China has warned Bangladesh against joining the US-led Quad alliance, saying that Dhaka's participation in the anti-Beijing "club" would result in "substantial damage" to bilateral relations.
The provocative remarks by China's Ambassador in Dhaka Li Jiming was described by Bangladesh's foreign minister Dr AK Abdul on Tuesday as "very unfortunate" and "aggressive".
"We are an independent and sovereign State. We decide our foreign policy," he told reporters here, a day after Li made the remarks.
"Obviously it will not be a good idea for Bangladesh to participate in this small club of four (Quad) because it will substantially damage our bilateral relationship," Ambassador Li said at a virtual meeting organised by the Diplomatic Correspondents Association, Bangladesh on Monday.
Momen called the ambassador's comment "very unfortunate" and "aggressive", adding that he never heard such comments from any Chinese diplomat before.
"We didn't expect such behaviour from China," he said.
Momen also called the ambassador's comment "irrelevant" and an "advanced one", adding that Bangladesh had been following a "non-aligned" and "balanced" foreign policy and the country would decide what to do in line with that principle.
A senior Bangladesh foreign ministry official, preferring anonymity, said Dhaka has so far has not expressed about the Quad while nobody either approached Bangladesh to join the platform and therefore the Chinese envoy's comments appeared "irrelevant".
The foreign minister said any country could express its position or views and being the representative of Beijing the Chinese ambassador could disseminate what his country wanted.
He said that when Chinese defence minister Gen. Wei Fenghe during his visit to Dhaka last month explained Beijing's attitude towards the Quad when "we (Bangladesh side) listened to them but didn't make any comment".
Gen. Wei told Bangladesh President Abdul Hamid that Beijing and Dhaka should make joint efforts against powers from outside the region establishing a "military alliance" in South Asia and practising "hegemonism".
Quad is a "small group of elites" working against China, Ambassador Li said on Monday.
Initiated in 2007, the Quadrilateral Security Dialogue, Quad for short, is an informal grouping of the US, India, Australia and Japan.
"Quad says it is only for economic purposes and security and so on. But that's not true. We know that Quad is aimed at China," the envoy was quoted as saying by BDNews24.com news portal and other newspapers.
"Japan, together with the US, has stated it very clearly - they are participating in [Quad] because of China," Li said.
Li described the Quad as a "narrow-purposed" geopolitical clique, and Bangladesh should not join it as the country will not derive any benefit from the initiative.
"History has proved again and again such partnership surely damages our neighbours' own social, economic development and people's well-being," Li was quoted as saying by the UNB news agency.
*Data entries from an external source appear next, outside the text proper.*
lemma weave_nth_index_bounds:
  assumes "(h + 1) * (length qs - 1) \<le> length t" "length t \<le> (h + 1) * length qs"
    and "(h + 2) * k + r < length qs + length t" "r < h + 2"
  shows "k < length qs" and "0 < r \<Longrightarrow> (h + 1) * k + r - 1 < length t"
proof -
  have "(h + 2) * k < (h + 2) * length qs"
    using assms(2,3) by simp
  then show k: "k < length qs"
    by (simp only: mult_less_cancel1)
  show "(h + 1) * k + r - 1 < length t" if "0 < r"
  proof (cases "Suc k < length qs")
    case True
    then have "(h + 1) * Suc k \<le> (h + 1) * (length qs - 1)"
      by (intro mult_le_mono2) simp
    then show ?thesis
      using assms(1,4) that by simp
  next
    case False
    then have "length qs = Suc k"
      using k by simp
    then show ?thesis
      using assms(3) that by simp
  qed
qed

lemma inj_on_weave_nth:
  assumes "distinct qs" "distinct t" "set qs \<inter> set t = {}"
    and len: "(h + 1) * (length qs - 1) \<le> length t" "length t \<le> (h + 1) * length qs"
  shows "inj_on (weave_nth h qs t) {0..<length qs + length t}"
proof (rule inj_onI)
  fix p p' assume "p \<in> {0..<length qs + length t}" "p' \<in> {0..<length qs + length t}"
    and eq: "weave_nth h qs t p = weave_nth h qs t p'"
  obtain k r where p: "p = (h + 2) * k + r" "r < h + 2"
      and wp: "weave_nth h qs t p = (if r = 0 then qs ! k else t ! ((h + 1) * k + r - 1))"
    by (rule weave_nth_cases)
  obtain k' r' where p': "p' = (h + 2) * k' + r'" "r' < h + 2"
      and wp': "weave_nth h qs t p' = (if r' = 0 then qs ! k' else t ! ((h + 1) * k' + r' - 1))"
    by (rule weave_nth_cases)
  have b: "k < length qs" "0 < r \<Longrightarrow> (h + 1) * k + r - 1 < length t"
    using weave_nth_index_bounds[OF len] p \<open>p \<in> _\<close> by auto
  have b': "k' < length qs" "0 < r' \<Longrightarrow> (h + 1) * k' + r' - 1 < length t"
    using weave_nth_index_bounds[OF len] p' \<open>p' \<in> _\<close> by auto
  consider "r = 0" "r' = 0" | "r = 0" "r' > 0" | "r > 0" "r' = 0" | "r > 0" "r' > 0"
    by blast
  then show "p = p'"
  proof cases
    case 1
    then show ?thesis
      using eq wp wp' p p' b b' assms(1) by (simp add: nth_eq_iff_index_eq)
  next
    case 2
    then show ?thesis
      using eq wp wp' b b' assms(3) by (auto dest!: nth_mem)
  next
    case 3
    then show ?thesis
      using eq wp wp' b b' assms(3) by (auto dest!: nth_mem)
  next
    case 4
    then have e: "(h + 1) * k + (r - 1) = (h + 1) * k' + (r' - 1)"
      using eq wp wp' b b' assms(2) by (simp add: nth_eq_iff_index_eq)
    have "r - 1 < h + 1" "r' - 1 < h + 1"
      using p(2) p'(2) by auto
    then have "k = k'" "r - 1 = r' - 1"
      using e by (metis mult_add_div_cancel, metis mult_add_mod_cancel)
    then show ?thesis
      using p p' 4 by simp
  qed
qed

lemma path_powerD:
  "path_power E h xs \<Longrightarrow> i < j \<Longrightarrow> j < length xs \<Longrightarrow> j - i \<le> h \<Longrightarrow> E (xs ! i) (xs ! j)"
  unfolding path_power_def by blast

lemma cycle_powerD:
  "cycle_power E h xs \<Longrightarrow> i < j \<Longrightarrow> j < length xs \<Longrightarrow> min (j - i) (length xs - (j - i)) \<le> h
    \<Longrightarrow> E (xs ! i) (xs ! j)"
  unfolding cycle_power_def by blast

lemma cycle_power_imp_path_power: "cycle_power E h xs \<Longrightarrow> path_power E h xs"
  unfolding cycle_power_def path_power_def by (meson min.coboundedI1)

(* For k = 0 the truncated subtraction makes (h + 1) * (k - 1) = 0: qs ! 0 need only see block 0. *)
definition joins_adjacent_blocks :: "('a \<Rightarrow> 'a \<Rightarrow> bool) \<Rightarrow> nat \<Rightarrow> 'a list \<Rightarrow> 'a list \<Rightarrow> bool" where
  "joins_adjacent_blocks E h qs t \<longleftrightarrow>
     (\<forall>k < length qs. \<forall>a < length t.
        (h + 1) * (k - 1) \<le> a \<and> a < (h + 1) * (k + 1) \<longrightarrow> E (t ! a) (qs ! k))"

lemma joins_adjacent_blocksD:
  "joins_adjacent_blocks E h qs t \<Longrightarrow> k < length qs \<Longrightarrow> a < length t
    \<Longrightarrow> (h + 1) * (k - 1) \<le> a \<Longrightarrow> a < (h + 1) * (k + 1) \<Longrightarrow> E (t ! a) (qs ! k)"
  unfolding joins_adjacent_blocks_def by blast

lemma weave_nth_adjacent:
  assumes E: "symp E" and t: "path_power E h t" and qs: "joins_adjacent_blocks E h qs t"
    and len: "(h + 1) * (length qs - 1) \<le> length t" "length t \<le> (h + 1) * length qs"
    and pp': "p < p'" "p' < length qs + length t" "p' - p \<le> h + 1"
  shows "E (weave_nth h qs t p) (weave_nth h qs t p')"
proof -
  obtain k r where "k = p div (h + 2)" and p: "p = (h + 2) * k + r" "r < h + 2"
      and wp: "weave_nth h qs t p = (if r = 0 then qs ! k else t ! ((h + 1) * k + r - 1))"
    by (rule weave_nth_cases)
  obtain k' r' where "k' = p' div (h + 2)" and p': "p' = (h + 2) * k' + r'" "r' < h + 2"
      and wp': "weave_nth h qs t p' = (if r' = 0 then qs ! k' else t ! ((h + 1) * k' + r' - 1))"
    by (rule weave_nth_cases)
  have "(h + 2) * k + r < length qs + length t" "(h + 2) * k' + r' < length qs + length t"
    using p(1) p'(1) pp' by linarith+
  note b = weave_nth_index_bounds[OF len this(1) p(2)]
    and b' = weave_nth_index_bounds[OF len this(2) p'(2)]
  have "k' \<le> (p + (h + 2)) div (h + 2)"
    unfolding \<open>k' = _\<close> using pp' by (intro div_le_mono) simp
  also have "\<dots> = k + 1"
    unfolding \<open>k = _\<close> by (rule div_add_self2) simp
  finally have "k' \<le> k + 1" .
  moreover have "k \<le> k'"
    unfolding \<open>k = _\<close> \<open>k' = _\<close> using pp' by (simp add: div_le_mono)
  ultimately have kk: "k' = k \<or> k' = k + 1"
    by linarith
  consider (qq) "r = 0" "r' = 0" | (qt) "r = 0" "0 < r'" | (tq) "0 < r" "r' = 0"
    | (tt) "0 < r" "0 < r'"
    by blast
  then show ?thesis
  proof cases
    case qq
    with kk p p' have "p' = p \<or> p' = p + (h + 2)"
      by auto
    with pp' show ?thesis
      by auto
  next
    case qt
    with kk p p' pp' have "k' = k"
      by auto
    have "(h + 1) * (k - 1) \<le> (h + 1) * k"
      by (intro mult_le_mono2) simp
    then have "E (t ! ((h + 1) * k + r' - 1)) (qs ! k)"
      using joins_adjacent_blocksD[OF qs b(1), of "(h + 1) * k + r' - 1"] b'(2) qt p'(2) \<open>k' = k\<close>
      by simp
    then show ?thesis
      using sympD[OF E] wp wp' qt \<open>k' = k\<close> by simp
  next
    case tq
    with kk p p' pp' have "k' = k + 1"
      by auto
    then have "E (t ! ((h + 1) * k + r - 1)) (qs ! k')"
      using joins_adjacent_blocksD[OF qs b'(1) b(2)] tq p(2) by simp
    then show ?thesis
      using wp wp' tq by simp
  next
    case tt
    with kk p p' pp' have "(h + 1) * k + r - 1 < (h + 1) * k' + r' - 1"
      "(h + 1) * k' + r' - 1 - ((h + 1) * k + r - 1) \<le> h"
      by auto
    then show ?thesis
      using path_powerD[OF t _ b'(2)] wp wp' tt by simp
  qed
qed

lemma weave_nth_wrap_adjacent:
  assumes E: "symp E" and t: "cycle_power E h t" and len: "length t = (h + 1) * length qs"
    and wrap: "\<forall>a. (h + 1) * (length qs - 1) \<le> a \<and> a < length t \<longrightarrow> E (t ! a) (qs ! 0)"
    and pp': "p < p'" "p' < length qs + length t" "length qs + length t - (p' - p) \<le> h + 1"
  shows "E (weave_nth h qs t p) (weave_nth h qs t p')"
proof -
  obtain m where m: "length qs = Suc m"
    using pp' len by (cases "length qs") auto
  obtain k r where p: "p = (h + 2) * k + r" "r < h + 2"
      and wp: "weave_nth h qs t p = (if r = 0 then qs ! k else t ! ((h + 1) * k + r - 1))"
    by (rule weave_nth_cases)
  obtain k' r' where p': "p' = (h + 2) * k' + r'" "r' < h + 2"
      and wp': "weave_nth h qs t p' = (if r' = 0 then qs ! k' else t ! ((h + 1) * k' + r' - 1))"
    by (rule weave_nth_cases)
  have "k = 0"
    using p pp' len m by (cases k) auto
  have "(h + 1) * (length qs - 1) \<le> (h + 1) * length qs"
    by (intro mult_le_mono2) simp
  then have "k' < length qs"
    using weave_nth_index_bounds(1)[of h qs t k' r'] p' pp' len by simp
  moreover have "\<not> k' < m"
  proof
    assume "k' < m"
    then have "(h + 2) * Suc k' \<le> (h + 2) * m"
      by (intro mult_le_mono2) simp
    then show False
      using p' pp' len m by simp
  qed
  ultimately have "k' = m"
    using m by simp
  have "r < r'"
    using p p' pp' len m \<open>k = 0\<close> \<open>k' = m\<close> by simp
  show ?thesis
  proof (cases "r = 0")
    case True
    from \<open>r < r'\<close> have "E (t ! ((h + 1) * m + r' - 1)) (qs ! 0)"
      using p'(2) len m by (intro wrap[rule_format]) (simp; arith)
    then show ?thesis
      using sympD[OF E] wp wp' \<open>k = 0\<close> \<open>k' = m\<close> \<open>r < r'\<close> True by simp
  next
    case False
    have "E (t ! (r - 1)) (t ! ((h + 1) * m + r' - 1))"
      using cycle_powerD[OF t, of "r - 1" "(h + 1) * m + r' - 1"] p p' pp' len m
        \<open>k = 0\<close> \<open>k' = m\<close> False
      by simp
    then show ?thesis
      using wp wp' \<open>k = 0\<close> \<open>k' = m\<close> \<open>r < r'\<close> False by simp
  qed
qed

lemma path_power_map_weave_nth:
  assumes E: "symp E" and t: "path_power E h t" and "distinct qs" "set qs \<inter> set t = {}"
    and qs: "joins_adjacent_blocks E h qs t"
    and len: "(h + 1) * (length qs - 1) \<le> length t" "length t \<le> (h + 1) * length qs"
  shows "path_power E (h + 1) (map (weave_nth h qs t) [0..<length qs + length t])"
proof -
  have "distinct t"
    using t by (simp add: path_power_def)
  then have "inj_on (weave_nth h qs t) {0..<length qs + length t}"
    using inj_on_weave_nth assms(3,4) len by blast
  then show ?thesis
    using weave_nth_adjacent[OF E t qs len] unfolding path_power_def by (simp add: distinct_map)
qed
(* Let $q\in\mathbb{C}$ with $|q|<1$ and let $k,l\ge0$ be integers. Then for $x\in[0,1]$, $$B_{k,l}(x,q)=\frac{x^k}{[k]_q!}\sum_{m=0}^l\frac{[m]_q!}{m!}\binom{l}{m}_q\beta_{l-m}^{(k)}((1-x)_q,q)\,\Delta^k0^m,$$ where $\Delta^k0^m=\sum_{j=0}^k\binom{k}{j}(-1)^{k-j}j^m$ (with $0^0=1$).
   Context: For a number $x$, $[x]_q=\frac{1-q^x}{1-q}$; $[n]_q!=[n]_q\cdots[1]_q$, $[0]_q!=1$; $\binom{n}{k}_q=\frac{[n]_q!}{[k]_q![n-k]_q!}$ for $0\le k\le n$ and $0$ for $k>n$. $(1-b)_q^n=\prod_{i=1}^n(1-bq^{i-1})$. $B_{k,n}(x,q)=\binom{n}{k}_q x^k(1-x)_q^{n-k}$ if $n\ge k$ and $0$ if $n<k$. $\Delta^k0^m$ is the $k$-th forward difference ($\Delta f(y)=f(y+1)-f(y)$) of $y\mapsto y^m$ at $y=0$. $B_m^{(k)}$ are the Bernoulli numbers of order $k$: $\left(\frac{t}{e^t-1}\right)^k=\sum_{m\ge0}B_m^{(k)}\frac{t^m}{m!}$. The symbol $\beta_n^{(k)}((1-x)_q,q)$ means $\sum_{m=0}^n\binom{n}{m}_q\frac{[m]_q!}{m!}B_m^{(k)}(1-x)_q^{n-m}$, i.e. the $q$-Bernoulli polynomial of order $k$, $\beta_n^{(k)}(y,q)=\sum_{m=0}^n\binom{n}{m}_q\frac{[m]_q!}{m!}B_m^{(k)}y^{n-m}$ (defined by $\left(\frac{z}{e^z-1}\right)^k\sum_{j\ge0}\frac{y^jz^j}{[j]_q!}=\sum_{n\ge0}\beta_n^{(k)}(y,q)\frac{z^n}{[n]_q!}$), with each power $y^j$ replaced umbrally by $(1-x)_q^j$. *)

theory Defs
  imports Complex_Main "HOL-Computational_Algebra.Formal_Power_Series"
begin

definition q_num :: "nat \<Rightarrow> complex \<Rightarrow> complex" where
  "q_num n q = (1 - q ^ n) / (1 - q)"

definition q_fact :: "nat \<Rightarrow> complex \<Rightarrow> complex" where
  "q_fact n q = (\<Prod>i=1..n. q_num i q)"

definition q_binom :: "nat \<Rightarrow> nat \<Rightarrow> complex \<Rightarrow> complex" where
  "q_binom n k q = (if k \<le> n then q_fact n q / (q_fact k q * q_fact (n - k) q) else 0)"

text \<open>(1 - b)_q^n = prod_{i=1}^n (1 - b q^(i-1)).\<close>
definition q_poch :: "complex \<Rightarrow> nat \<Rightarrow> complex \<Rightarrow> complex" where
  "q_poch b n q = (\<Prod>i=1..n. 1 - b * q ^ (i - 1))"

definition q_bernstein :: "nat \<Rightarrow> nat \<Rightarrow> complex \<Rightarrow> complex \<Rightarrow> complex" where
  "q_bernstein k n x q = (if k \<le> n then q_binom n k q * x ^ k * q_poch x (n - k) q else 0)"

definition delta_pow_zero :: "nat \<Rightarrow> nat \<Rightarrow> complex" where
  "delta_pow_zero k m = (\<Sum>j=0..k. of_nat (k choose j) * (-1) ^ (k - j) * of_nat j ^ m)"

text \<open>Bernoulli numbers of order k: (t/(e^t - 1))^k = sum_m B_m^(k) t^m / m!.
  Here t/(e^t-1) is the formal power series inverse of (e^t - 1)/t.\<close>
definition bernoulli_gf :: "complex fps" where
  "bernoulli_gf = inverse (fps_shift 1 (fps_exp 1 - 1))"

definition bernoulli_ord :: "nat \<Rightarrow> nat \<Rightarrow> complex" where
  "bernoulli_ord k m = fact m * fps_nth (bernoulli_gf ^ k) m"

text \<open>q-Bernoulli polynomial of order k evaluated umbrally at (1-x)_q:
  beta_n^(k)((1-x)_q,q) = sum_m binom n m_q [m]_q!/m! B_m^(k) (1-x)_q^(n-m).\<close>
definition q_bernoulli_umbral :: "nat \<Rightarrow> nat \<Rightarrow> complex \<Rightarrow> complex \<Rightarrow> complex" where
  "q_bernoulli_umbral k n x q =
     (\<Sum>m=0..n. q_binom n m q * q_fact m q / fact m * bernoulli_ord k m * q_poch x (n - m) q)"

end

theory Submission
  imports Defs
begin

text \<open>Compare coefficients of generating functions in \<open>z\<close>. The coefficients of
  \<open>(e^z - 1)^k\<close> are \<open>\<Delta>^k 0^m / m!\<close>, and \<open>(e^z - 1)^k (z / (e^z - 1))^k = z^k\<close>. Hence multiplying
  the generating function \<open>(z / (e^z - 1))^k \<Sum>_j (1-x)_q^j z^j / [j]_q!\<close> of the umbral q-Bernoulli
  polynomials by \<open>(e^z - 1)^k\<close> leaves \<open>z^k \<Sum>_j (1-x)_q^j z^j / [j]_q!\<close>, whose coefficient of
  \<open>z^l\<close> is \<open>(1-x)_q^(l-k) / [l-k]_q!\<close>; multiplying by \<open>x^k [l]_q! / [k]_q!\<close> gives \<open>B_{k,l}(x,q)\<close>.
  The hypothesis \<open>|q| < 1\<close> only serves to make the q-factorials nonzero.\<close>

lemma q_fact_nonzero:
  assumes "norm q < 1"
  shows "q_fact n q \<noteq> 0"
proof -
  have "q_num i q \<noteq> 0" if "i \<ge> 1" for i
  proof -
    have "norm (q ^ i) < 1"
      using that assms by (simp add: norm_power power_less_one_iff)
    then have "q ^ i \<noteq> 1" by auto
    moreover have "q \<noteq> 1" using assms by auto
    ultimately show ?thesis by (simp add: q_num_def)
  qed
  then show ?thesis unfolding q_fact_def by simp
qed

lemma fps_nth_exp_minus_one_power:
  "fps_nth ((fps_exp (1::complex) - 1) ^ k) m = delta_pow_zero k m / fact m"
proof -
  have "(fps_exp (1::complex) - 1) ^ k = (fps_exp 1 + fps_const (-1)) ^ k"
    by (metis diff_conv_add_uminus fps_const_1_eq_1 fps_const_neg)
  also have "\<dots> = (\<Sum>j\<le>k. fps_const (of_nat (k choose j) * (-1) ^ (k - j)) * fps_exp (of_nat j))"
    unfolding binomial_ring
    by (intro sum.cong refl) (simp add: fps_exp_power_mult fps_of_nat mult_ac flip: fps_const_mult)
  finally show ?thesis
    by (simp add: fps_sum_nth delta_pow_zero_def sum_divide_distrib atLeast0AtMost)
qed

lemma exp_minus_one_mult_bernoulli_gf: "(fps_exp (1::complex) - 1) * bernoulli_gf = fps_X"
proof -
  define S where "S = fps_shift 1 (fps_exp (1::complex) - 1)"
  have "fps_exp (1::complex) - 1 = fps_X * S"
    by (rule fps_ext) (simp add: S_def)
  then have "(fps_exp 1 - 1) * bernoulli_gf = fps_X * (S * inverse S)"
    by (simp add: bernoulli_gf_def S_def mult.assoc)
  also have "S * inverse S = 1"
    by (rule inverse_mult_eq_1') (simp add: S_def)
  finally show ?thesis by simp
qed

definition q_poch_gf :: "complex \<Rightarrow> complex \<Rightarrow> complex fps" where
  "q_poch_gf x q = Abs_fps (\<lambda>j. q_poch x j q / q_fact j q)"

lemma q_bernoulli_umbral_eq_fps_nth:
  assumes "norm q < 1"
  shows "q_bernoulli_umbral k n x q = q_fact n q * fps_nth (bernoulli_gf ^ k * q_poch_gf x q) n"
  unfolding q_bernoulli_umbral_def q_poch_gf_def fps_mult_nth sum_distrib_left
proof (intro sum.cong refl)
  fix m assume "m \<in> {0..n}"
  with q_fact_nonzero[OF assms] show "q_binom n m q * q_fact m q / fact m * bernoulli_ord k m * q_poch x (n - m) q =
    q_fact n q * (fps_nth (bernoulli_gf ^ k) m * fps_nth (Abs_fps (\<lambda>j. q_poch x j q / q_fact j q)) (n - m))"
    by (simp add: q_binom_def bernoulli_ord_def field_simps)
qed

lemma sum_delta_pow_zero_q_bernoulli_umbral:
  assumes "norm q < 1"
  shows "(\<Sum>m=0..l. q_fact m q / fact m * q_binom l m q * q_bernoulli_umbral k (l - m) x q * delta_pow_zero k m)
    = q_fact l q * fps_nth ((fps_exp 1 - 1) ^ k * (bernoulli_gf ^ k * q_poch_gf x q)) l"
  unfolding fps_mult_nth[of _ _ l] sum_distrib_left
proof (intro sum.cong refl)
  fix m assume "m \<in> {0..l}"
  with q_fact_nonzero[OF assms] show "q_fact m q / fact m * q_binom l m q * q_bernoulli_umbral k (l - m) x q * delta_pow_zero k m =
    q_fact l q * (fps_nth ((fps_exp 1 - 1) ^ k) m * fps_nth (bernoulli_gf ^ k * q_poch_gf x q) (l - m))"
    by (simp add: fps_nth_exp_minus_one_power q_bernoulli_umbral_eq_fps_nth[OF assms] q_binom_def field_simps)
qed

theorem corollary11:
  fixes q :: complex and k l :: nat and x :: real
  assumes "norm q < 1" and "0 \<le> x" and "x \<le> 1"
  shows "q_bernstein k l (of_real x) q =
    (of_real x) ^ k / q_fact k q *
      (\<Sum>m=0..l. q_fact m q / fact m * q_binom l m q *
         q_bernoulli_umbral k (l - m) (of_real x) q * delta_pow_zero k m)"
proof -
  let ?C = "q_poch_gf (of_real x) q"
  have "(\<Sum>m=0..l. q_fact m q / fact m * q_binom l m q *
         q_bernoulli_umbral k (l - m) (of_real x) q * delta_pow_zero k m)
      = q_fact l q * fps_nth ((fps_exp 1 - 1) ^ k * (bernoulli_gf ^ k * ?C)) l"
    by (rule sum_delta_pow_zero_q_bernoulli_umbral[OF assms(1)])
  also have "(fps_exp 1 - 1) ^ k * (bernoulli_gf ^ k * ?C) = fps_X ^ k * ?C"
    by (simp add: exp_minus_one_mult_bernoulli_gf mult.assoc [symmetric] flip: power_mult_distrib)
  also have "fps_nth (fps_X ^ k * ?C) l = (if l < k then 0 else q_poch (of_real x) (l - k) q / q_fact (l - k) q)"
    by (simp add: fps_X_power_mult_nth q_poch_gf_def)
  finally show ?thesis
    using q_fact_nonzero[OF assms(1)] by (auto simp: q_bernstein_def q_binom_def field_simps)
qed

end
(* Let $A=(A_j)_{j=0}^{d-1}$ be an injective MPS tensor of bond dimension $D$ in left canonical form, let $u$ be a $d\times d$ unitary matrix, and let $\mathbb{E}_u=\sum_{j,k=0}^{d-1} u_{jk}\, A_k\otimes \overline{A_j}$. Then $\mathbb{E}_u$ has an eigenvalue of modulus $1$ if and only if there exist a unitary $D\times D$ matrix $v$ and an angle $\theta$ such that for all $j\in\{0,\dots,d-1\}$, $$\sum_{k=0}^{d-1}u_{jk}A_k = e^{i\theta}\, v A_j v^\dagger .$$
   Context: An MPS tensor of physical dimension $d$ and bond dimension $D$ is a collection of complex $D\times D$ matrices $A_0,\dots,A_{d-1}$. It is in left canonical form if $\sum_{j=0}^{d-1}A_j^\dagger A_j=\mathbb{1}_{D}$. Its transfer matrix is $\mathbb{E}=\sum_{j}A_j\otimes\overline{A_j}$. The tensor (in left canonical form) is called injective if $1$ is a non-degenerate eigenvalue of the transfer matrix whose left eigenvector is the identity $\mathbb{1}_D$ (unique up to scaling, i.e. the only solution of $\sum_jA_j^\dagger XA_j=X$ is $X\propto\mathbb{1}$), all other eigenvalues of $\mathbb{E}$ have modulus strictly less than $1$, and there is a unique, full-rank density matrix $\rho$ with $\sum_j A_j\rho A_j^\dagger=\rho$. (All eigenvalues of $\mathbb{E}_u$ have modulus at most $1$.) *)

theory Defs
  imports "Jordan_Normal_Form.Jordan_Normal_Form"
begin

text \<open>Complex matrices are Jordan_Normal_Form matrices of type complex mat,
  with explicit dimensions. An MPS tensor is a family A 0, ..., A (d-1) of
  D x D matrices, given as a function on nat.\<close>

definition cadj :: "complex mat \<Rightarrow> complex mat" where
  "cadj M = mat (dim_col M) (dim_row M) (\<lambda>(i,j). cnj (M $$ (j,i)))"

definition cconj :: "complex mat \<Rightarrow> complex mat" where
  "cconj M = map_mat cnj M"

text \<open>Kronecker product, with the standard row/column indexing (i1,i2) <-> i1 * n2 + i2.\<close>
definition kron :: "complex mat \<Rightarrow> complex mat \<Rightarrow> complex mat" where
  "kron X Y = mat (dim_row X * dim_row Y) (dim_col X * dim_col Y)
     (\<lambda>(i,j). X $$ (i div dim_row Y, j div dim_col Y) * Y $$ (i mod dim_row Y, j mod dim_col Y))"

definition msum :: "nat \<Rightarrow> nat \<Rightarrow> nat \<Rightarrow> (nat \<Rightarrow> complex mat) \<Rightarrow> complex mat" where
  "msum n m d f = mat n m (\<lambda>(i,j). \<Sum>k<d. f k $$ (i,j))"

definition unitary_cmat :: "nat \<Rightarrow> complex mat \<Rightarrow> bool" where
  "unitary_cmat n U \<longleftrightarrow> U \<in> carrier_mat n n \<and> cadj U * U = 1\<^sub>m n \<and> U * cadj U = 1\<^sub>m n"

definition mps_tensor :: "nat \<Rightarrow> nat \<Rightarrow> (nat \<Rightarrow> complex mat) \<Rightarrow> bool" where
  "mps_tensor d D A \<longleftrightarrow> (\<forall>j<d. A j \<in> carrier_mat D D)"

definition left_canonical :: "nat \<Rightarrow> nat \<Rightarrow> (nat \<Rightarrow> complex mat) \<Rightarrow> bool" where
  "left_canonical d D A \<longleftrightarrow> msum D D d (\<lambda>j. cadj (A j) * A j) = 1\<^sub>m D"

definition transfer :: "nat \<Rightarrow> nat \<Rightarrow> (nat \<Rightarrow> complex mat) \<Rightarrow> complex mat" where
  "transfer d D A = msum (D*D) (D*D) d (\<lambda>j. kron (A j) (cconj (A j)))"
China has vehemently opposed the formation of the Quad with a Chinese foreign ministry spokesman emphasising in March that exchanges and cooperation between countries should help expand mutual understanding and trust, instead of targeting or harming the interests of third parties.
The Quad member countries have resolved to uphold a rules-based international order in the Indo-Pacific amid growing Chinese assertiveness in the strategically vital region.
The first summit of the Quad leaders was hosted by US President Joe Biden on March 12 and the virtual meeting was attended by Prime Minister Narendra Modi, Australian Prime Minister Scott Morrison and Japanese Prime Minister Yoshihide Suga.
The four Quad leaders have vowed to strive for an Indo-Pacific region that is free, open, inclusive, healthy, anchored by democratic values, and unconstrained by coercion, sending an clear message to China against its aggressive actions in the region.
"The (Chinese) ambassador's comment appeared a little 'provocative', which we could not welcome," said a senior foreign ministry official here said, preferring anonymity but added that it could a be Beijing's strategy to make known its attitude towards the grouping.